Only these lines of the data below are wanted: the one with "by (simp add: symmetric_harmonious_seq_def", the one with "obtain a where", and any lines between them, each repeated exactly.
┌──
lemma seq_products_bij:
  "bij_betw (\<lambda>k. seq k \<otimes> seq ((k + 1) mod order G)) {0..<order G} (carrier G)"
  unfolding order_eq
proof (rule bij_betw_block_indexI)
  show "inj_on (\<lambda>(j, t). seq (j + n * t) \<otimes> seq ((j + n * t + 1) mod (n * m)))
      ({0..<n} \<times> {0..<m})"
    using block_products_inj
    by (rule inj_on_cong[THEN iffD1, rotated]) (auto simp: seq_block seq_successor)
qed (use finite_carrier order_eq in \<open>simp_all add: seq_block seq_successor block_closed
      next_block_closed order_def\<close>)

lemma seq_mirror:
  assumes "0 < k" "k < order G"
  shows "seq k \<otimes> seq (order G - k) = \<one>"
proof -
  define j t where "j = k mod n" and "t = k div n"
  have jt: "j < n" "t < m" "k = j + n * t"
    using assms n_pos order_eq by (auto simp: j_def t_def less_mult_imp_div_less mult.commute)
  show ?thesis
  proof (cases "j = 0")
    case True
    have "n * m - n * t = n * (m - t)"
      by (simp add: diff_mult_distrib2)
    then show ?thesis
      using True jt assms block_zero_mirror[of t] by (simp add: order_eq seq_block_zero)
  next
    case False
    have "order G - k = (n - j) + n * (m - 1 - t)"
      using block_index_mirror[OF jt(1,2)] False jt(3) order_eq by simp
    moreover have "seq ((n - j) + n * (m - 1 - t)) = block (n - j) (m - 1 - t)"
      using False jt by (intro seq_block) simp
    ultimately show ?thesis
      using False jt block_mirror[of j t] by (simp add: seq_block)
  qed
qed

theorem seq_symmetric_harmonious: "symmetric_harmonious_seq G seq"
  using seq_bij seq_products_bij seq_mirror
  by (simp add: symmetric_harmonious_seq_def harmonious_seq_iff order_def)

end

theorem lemma1:
  fixes G (structure) and H :: "'a set"
  assumes "group G"
    and "finite (carrier G)"
    and "H \<lhd> G"
    and "odd (card H)"
    and "odd (card (carrier (G Mod H)))"
    and "symmetric_harmonious (G\<lparr>carrier := H\<rparr>)"
    and "symmetric_harmonious (G Mod H)"
  shows "symmetric_harmonious G"
proof -
  interpret normal H G
    by (rule assms(3))
  obtain h where h: "symmetric_harmonious_seq (G\<lparr>carrier := H\<rparr>) h"
    using assms(6) symmetric_harmonious_iff_seq by blast
  obtain c where c: "symmetric_harmonious_seq (G Mod H) c"
    using assms(7) symmetric_harmonious_iff_seq by blast
  let ?n = "card (carrier (G Mod H))"
  obtain a where "\<And>j. j < ?n \<Longrightarrow> a j \<in> carrier G" "\<And>j. j < ?n \<Longrightarrow> H #> a j = c j"
    "a 0 = \<one>" "\<And>j. 0 < j \<Longrightarrow> j < ?n \<Longrightarrow> a (?n - j) = inv (a j)"
    using symmetric_lift[OF assms(5) c] by blast
  then interpret odd_harmonious_extension H G "card H" ?n h c a
    using assms(4,5) h c by unfold_locales (simp_all add: symmetric_harmonious_seq_def)
  show ?thesis
    using seq_symmetric_harmonious symmetric_harmonious_iff_seq by blast
qed

end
└──
**RESULT**
  by (simp add: symmetric_harmonious_seq_def harmonious_seq_iff order_def)

end

theorem lemma1:
  fixes G (structure) and H :: "'a set"
  assumes "group G"
    and "finite (carrier G)"
    and "H \<lhd> G"
    and "odd (card H)"
    and "odd (card (carrier (G Mod H)))"
    and "symmetric_harmonious (G\<lparr>carrier := H\<rparr>)"
    and "symmetric_harmonious (G Mod H)"
  shows "symmetric_harmonious G"
proof -
  interpret normal H G
    by (rule assms(3))
  obtain h where h: "symmetric_harmonious_seq (G\<lparr>carrier := H\<rparr>) h"
    using assms(6) symmetric_harmonious_iff_seq by blast
  obtain c where c: "symmetric_harmonious_seq (G Mod H) c"
    using assms(7) symmetric_harmonious_iff_seq by blast
  let ?n = "card (carrier (G Mod H))"
  obtain a where "\<And>j. j < ?n \<Longrightarrow> a j \<in> carrier G" "\<And>j. j < ?n \<Longrightarrow> H #> a j = c j"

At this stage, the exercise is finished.